* PROBLEM STATEMENT: Repeat nothing but the lines below running from the one containing "K :: 'a::euclidean_space" to the one containing "lebesgue (indicator ?B". Keep both end lines.

* GIVEN RECORDS:

---

lemma weight_indicator_unit_ball:
  "weight (indicator (ball (0::'a::euclidean_space) 1) :: 'a \<Rightarrow> real)"
  "\<not> (AE y in lebesgue. indicator (ball (0::'a) 1) y = (0::real))"
proof -
  show "weight (indicator (ball (0::'a) 1) :: 'a \<Rightarrow> real)"
    by (rule weight_indicator[OF sets_lebesgue_ball])
  show "\<not> (AE y in lebesgue. indicator (ball (0::'a) 1) y = (0::real))"
    by (rule not_AE_indicator_eq_0[OF sets_lebesgue_ball], subst emeasure_lebesgue_ball) auto
qed

lemma bvol_half_le_measure_ball_diff:
  fixes x :: "'a::euclidean_space"
  assumes t: "0 < t"
  shows "bvol x t / 2 \<le> measure lebesgue (ball x t - ball 0 (t / 2))"
proof -
  have "(2::real) ^ 1 \<le> 2 ^ DIM('a)"
    by (intro power_increasing) (auto simp: Suc_leI)
  then have "bvol x t / 2 ^ DIM('a) \<le> bvol x t / 2"
    using bvol_pos[OF t, of x] by (intro divide_left_mono) auto
  moreover have "bvol (0::'a) (t / 2) = bvol x t / 2 ^ DIM('a)"
    using t by (simp add: bvol_eq power_divide)
  moreover have "bvol x t - bvol (0::'a) (t / 2) \<le> measure lebesgue (ball x t - ball 0 (t / 2))"
    unfolding bvol_def by (intro measure_diff_le_measure_setdiff) auto
  ultimately show ?thesis
    by linarith
qed

definition power_weight :: "nat \<Rightarrow> 'a::real_normed_vector \<Rightarrow> real" where
  "power_weight K y = 1 + norm y ^ K"

lemma weight_power_weight: "weight (power_weight K :: 'a::euclidean_space \<Rightarrow> real)"
  unfolding power_weight_def by (intro weight_continuous continuous_intros) auto

lemma power_weight_average_ge:
  fixes x :: "'a::euclidean_space"
  assumes t: "0 < t"
  shows "1 + (t / 2) ^ K / 2 \<le> wmeas (power_weight K) x t / bvol x t"
proof -
  let ?B = "ball x t" and ?Z = "ball (0::'a) (t / 2)" and ?c = "(t / 2) ^ K"
  have "set_integrable lebesgue ?B (power_weight K)"
    using weight_power_weight[of K] unfolding weight_def
    by (meson set_integrable_subset ball_subset_cball sets_lebesgue_ball)
  then have int_w: "integrable lebesgue (\<lambda>y. indicator ?B y * power_weight K y)"
    by (simp add: set_integrable_def)
  have "?B \<in> lmeasurable" "?B - ?Z \<in> lmeasurable"
    by (auto intro: fmeasurable_Diff)
  then have int_B: "integrable lebesgue (indicator ?B :: 'a \<Rightarrow> real)"
    and int_BZ: "integrable lebesgue (indicator (?B - ?Z) :: 'a \<Rightarrow> real)"
    by (auto simp: fmeasurable_def)
  have "indicator ?B y + ?c * indicator (?B - ?Z) y \<le> indicator ?B y * power_weight K y" for y
  proof -
    have "?c \<le> norm y ^ K" if "y \<notin> ?Z"
      using that t by (intro power_mono) auto
    then show ?thesis
      by (auto simp: indicator_def power_weight_def)
  qed
  then have "integral\<^sup>L lebesgue (\<lambda>y. indicator ?B y + ?c * indicator (?B - ?Z) y)
      \<le> wmeas (power_weight K) x t"
    unfolding wmeas_def set_lebesgue_integral_def real_scaleR_def
    using int_w int_B int_BZ by (intro integral_mono Bochner_Integration.integrable_add integrable_mult_right)
  then have "measure lebesgue ?B + ?c * measure lebesgue (?B - ?Z) \<le> wmeas (power_weight K) x t"
    using int_B int_BZ by simp
  have "bvol x t / 2 \<le> measure lebesgue (?B - ?Z)"
    by (rule bvol_half_le_measure_ball_diff[OF t])
  then have "?c * (bvol x t / 2) \<le> ?c * measure lebesgue (?B - ?Z)"
    using t by (intro mult_left_mono) auto
  with \<open>measure lebesgue ?B + ?c * measure lebesgue (?B - ?Z) \<le> wmeas (power_weight K) x t\<close>
  have "bvol x t * (1 + ?c / 2) \<le> wmeas (power_weight K) x t"
    unfolding bvol_def by (simp add: algebra_simps)
  then show ?thesis
    using bvol_pos[OF t, of x] by (simp add: le_divide_eq mult.commute)
qed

---

* PROBLEM SOLUTION:
lemma weight_power_weight: "weight (power_weight K :: 'a::euclidean_space \<Rightarrow> real)"
  unfolding power_weight_def by (intro weight_continuous continuous_intros) auto

lemma power_weight_average_ge:
  fixes x :: "'a::euclidean_space"
  assumes t: "0 < t"
  shows "1 + (t / 2) ^ K / 2 \<le> wmeas (power_weight K) x t / bvol x t"
proof -
  let ?B = "ball x t" and ?Z = "ball (0::'a) (t / 2)" and ?c = "(t / 2) ^ K"
  have "set_integrable lebesgue ?B (power_weight K)"
    using weight_power_weight[of K] unfolding weight_def
    by (meson set_integrable_subset ball_subset_cball sets_lebesgue_ball)
  then have int_w: "integrable lebesgue (\<lambda>y. indicator ?B y * power_weight K y)"
    by (simp add: set_integrable_def)
  have "?B \<in> lmeasurable" "?B - ?Z \<in> lmeasurable"
    by (auto intro: fmeasurable_Diff)
  then have int_B: "integrable lebesgue (indicator ?B :: 'a \<Rightarrow> real)"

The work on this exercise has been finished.